Call the integratePeaks function with the rip_saturation_threshold parameter set to your chosen cutoff value (e.g., 0.1 for 10% saturation tolerance). This threshold controls the fraction of RIP signal saturation that peaks can tolerate before being excluded during integration. Peaks exceeding this saturation fraction will be filtered out, reducing noise but potentially losing weak signal.

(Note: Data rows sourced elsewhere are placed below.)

text \<open>One step of the walk to the left along \<open>t'\<close> above \<open>t\<close>: cover-expansiveness at
  \<open>N(x)\<close> forces the tile of \<open>NW(x)\<close> to be \<open>t\<close> or \<open>t'\<close>.\<close>

lemma Nn_tile_step_left:
  assumes L: "is_partition L" and M: "is_partition M" and tiling: "is_dyck_tiling T L M"
    and ce: "cover_expansive_tiles T"
    and t: "t \<in> T" and t': "t' \<in> T" and x: "x \<in> t" and Nx: "Nn x \<in> t'"
    and start: "col (tile_start t) \<le> col (tile_start t')"
  shows "Nn x = tile_start t' \<and> NW x \<in> t \<or> (\<exists>x'\<in>t. Nn x' \<in> t' \<and> col x' = col x - 1)"
proof -
  note tile = dyck_tiling_tile[OF tiling t] and tile' = dyck_tiling_tile[OF tiling t']
  note same_tile = dyck_tilingD(2)[OF tiling]
  have "NW x \<in> L - M"
    using skew_diagram_diamond(1)[OF L M] dyck_tiling_subset[OF tiling] t t' x Nx by blast
  then obtain s where s: "s \<in> T" "NW x \<in> s" by (rule dyck_tiling_covers[OF tiling])
  note tile_s = dyck_tiling_tile[OF tiling s(1)]
  have "col (tile_end t') \<le> col (tile_end s)"
    using cover_expansive_tilesD(2)[OF ce t' s(1) Nx] s(2) by (simp add: moves_Nn)
  moreover have "col (Nn x) \<le> col (tile_end t')" using tile_end(2)[OF tile' Nx] .
  ultimately have "NE (NW x) \<in> s \<or> SE (NW x) \<in> s"
    using tile_succ[OF tile_s s(2)] by simp
  then have s_cases: "s = t' \<or> s = t"
    using same_tile[OF t' s(1) Nx] same_tile[OF t s(1) x] by (auto simp: moves_Nn)
  show ?thesis
  proof (cases "Nn x = tile_start t'")
    case True
    then have "s \<noteq> t'" using tile_start(2)[OF tile', of "NW x"] s(2) by (auto simp flip: True)
    with s_cases s(2) True show ?thesis by simp
  next
    case False
    then have "col (tile_start t') < col (Nn x)" using col_tile_start_less[OF tile' Nx] by simp
    then have "SW (Nn x) \<in> t' \<or> NW (Nn x) \<in> t'" using tile_pred[OF tile' Nx] by blast
    then consider "NW x \<in> t'" | "Nn (NW x) \<in> t'" by (auto simp: moves_Nn)
    then show ?thesis
    proof cases
      case 1
      have "t \<noteq> t'" using Nn_notin_tile[OF tile x] Nx by blast
      with 1 have "NW x \<notin> t" using same_tile[OF t t'] by blast
      moreover have "col (tile_start t) < col x"
        using start \<open>col (tile_start t') < col (Nn x)\<close> by simp
      ultimately have "SW x \<in> t" using tile_pred[OF tile x] by blast
      with 1 show ?thesis by (intro disjI2 bexI[of _ "SW x"]) (simp_all add: moves_Nn)
    next
      case 2
      then have "s \<noteq> t'" using Nn_notin_tile[OF tile', of "NW x"] s(2) by blast
      with s_cases s(2) 2 show ?thesis by auto
    qed
  qed
qed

After integration, execute peakTable to extract the resulting peak intensity matrix; inspect the number of NA entries and the ratio of retained peaks to original detections to confirm the threshold was appropriate for your data quality requirements.

## Related tools

- **GCIMS** (R package providing integratePeaks and peakTable functions for GC-IMS preprocessing) — https://github.com/sipss/GCIMS
- **R** (runtime environment for executing GCIMS workflow functions)

## Examples

```
integrated_result <- integratePeaks(peak_clusters, integration_size_method = 'fixed_size', rip_saturation_threshold = 0.1); peak_table_matrix <- peakTable(integrated_result)
```

## Evaluation signals

- Verify that the returned peak_table_matrix has dimensions consistent with your sample count (columns) and detected peak clusters (rows)
- Check that the number of NA entries in the matrix is reasonable for your RIP threshold choice; higher thresholds should yield fewer NAs
- Compare the count of retained peaks against the original peak detection output to confirm saturation filtering was applied
- Examine a sample of intensity values to confirm they are numeric and fall within the expected dynamic range for your GC-IMS instrument
- Confirm that downstream imputation and statistical analysis steps run without error on the returned matrix

## Limitations

- The rip_saturation_threshold parameter is global across all samples; if RIP saturation varies strongly between samples, a single threshold may over-filter some samples or under-filter others
- Peaks excluded due to saturation cannot be recovered; no metadata is retained about which peaks were filtered, complicating post-hoc sensitivity analysis
- The NA entries in the resulting peak_table_matrix require imputation in downstream steps; the choice of imputation method can influence downstream statistical conclusions

## Evidence

- [other] integration_size_method and rip_saturation_threshold parameters control peak integration: "Execute integratePeaks function with integration_size_method set to 'fixed_size' and rip_saturation_threshold parameter set to 0.1"
- [other] peakTable produces matrix with rows as clusters, columns as samples, containing intensities and NAs: "The peakTable function produces a peak_table_matrix with rows representing clusters and columns representing samples, containing intensity values with some entries as NA that require imputation."
- [intro] Pressure and temperature fluctuations cause misalignments that require correction before peak integration: "Pressure and temperature fluctuations as well as degradation of the chromatographic column are some of the causes of misalignments in the data, both in retention and drift time"
- [other] GCIMS workflow requires baseline correction before peak integration: "Load the preprocessed GC-IMS dataset (after alignment and baseline correction) into R using the GCIMS package."